Тот, кто крался у подножий пирамид, почувствовал прикосновение ветерка, легкое как последний выдох жертвы, и довольно скрежетнул жвалами. Он уже видел ее – юную труженицу, самку с атрофированными половыми признаками, затянутую в нежный хитин вчерашней куколки. Он знал, куда всадит старый, сточенный почти до обушка, скальпель. Точно между рудиментарными надкрыльями, в главный нервный ганглий. Он проделывал так множество раз, но эта труженица была юбилейной. Шестикратно шестижды шестой. Филипп, по сумасшедшему капризу иллюзиона сошедший в беспозвоночного убийцу, не считал число двести шестнадцать круглым, так как никогда прежде не имел шести конечностей. Кроме того, он не желал становиться преступником, пусть даже насекомым. Он попытался покинуть сознание маньяка и не сумел. Его воля была ничем рядом с волей безумного трутня. Филипп запаниковал, бросился наружу, царапая стены ментального узилища ногтями, но получил грандиозного пинка, и надолго отключился.
Тот, кто крался в ночи, должен был вылупиться воином. Он знал это, будучи спеленатой полупрозрачными покровами куколкой, он знал это, будучи еще личинкой. Даже в яйце он знал, что будет убивать. Но переизбыток воинов накладен сообществу, и Разум Выводка поменял его генетическую программу перед последним метаморфозом. Он провел в образе куколки лишнюю трехкратную дюжину суток и пришел в мир лекарем. Вместо смерти врагам он дарил жизнь сородичам. Но воин оказался живуч. Он пробуждался еженощно и его оружием становился хирургический скальпель. Выводок окрестил неуловимого убийцу многосложным именем, звучащим как треск, скрежет, чирикание и щелчки. Такие звуки, по мнению Филиппа, мог бы издавать гигантский страдающий кузнечик, у которого вывихнуто не только плечико, но и мозги вдобавок. Имя означало – Жалящий. В том была великая честь и признание неординарности. Рядовые члены Выводка от рождения до утилизации существовали безымянными.
Жалящий напружинил задние пары конечностей, отогнул вверх брюшко и бросился вперед. В тот же момент на него пали многие и многие паутины боевых мизгирей, а из подземных нор полезли солдаты. Настоящие, полноценные, с необъятными бронированными лбами и угрожающе разинутыми чудовищными жвалами.

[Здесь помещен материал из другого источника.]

lemma sum_pmass_le:
  assumes "finite J" and "0 \<notin> J"
  shows "(\<Sum>j\<in>J. pmass j) \<le> real n"
proof -
  have pos: "\<forall>j\<in>J. 1 \<le> j"
    using assms(2) by (metis less_one not_le)
  have "(\<Sum>j\<in>J. pmass j) = (\<Sum>a\<in>D. \<Sum>j\<in>J. poi (real n * p a) j)"
    unfolding pmass_def by (rule sum.swap)
  also have "\<dots> \<le> (\<Sum>a\<in>D. real n * p a)"
    using assms(1) pos p_pos by (intro sum_mono sum_poi_le) (auto simp: less_imp_le)
  also have "\<dots> = real n"
    using sum_p by (simp add: sum_distrib_left[symmetric])
  finally show ?thesis .
qed

end

definition error_bound :: "nat \<Rightarrow> real" where
  "error_bound n = ((ln (real n))\<^sup>2 + 1) *
     ((4 * ln (real n) ^ 4 + 2)\<^sup>2 * real n powr 0.6 / (real n * (ln (real n))\<^sup>2)
      + 2 * real n * exp (- ((ln (real n))\<^sup>2)))"

lemma error_bound_small: "eventually (\<lambda>n. error_bound n \<le> 1 / (ln (real n))\<^sup>2) sequentially"
  unfolding error_bound_def by real_asymp

context faithful_sample
begin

Плебисцит дюжины Выводков подавляющим большинством – одиннадцать частей против одной – приговорил его к изгнанию в состояние носферату. Его сознание, и сознание оглушенного Филиппа вместе с ним, заключили в кристаллическую решетку булыжника, состоящего из химически чистого железа, обогащенного никелем, молибденом и хромом. Беспилотный зонд унес булыжник в космос и со всем возможным для механизма отвращением выхаркнул вон.
Медленно вращаясь, камень валился к окраине галактики. Ни жизни не было в нем, ни смерти. Невосполнимость первой уравновешивалась неисчерпаемостью второй. Но все перевешивала асимметрия страдания:
Филипп очнулся. Вокруг него суетились какие-то люди, смывали с тела кляр, массировали грудь, живот и икры, кричали друг на друга хорошо поставленными терранскими голосами. Светлана глядела на него с опаской и боялась подойти. Он сплюнул противный комковатый клубок прямо на переливающуюся клоунскую хламиду ближайшего служителя аттракциона, облизал солоноватые губы и зло сказал:
– Вы что, суки, творите? Это что, по-вашему – развлечение?!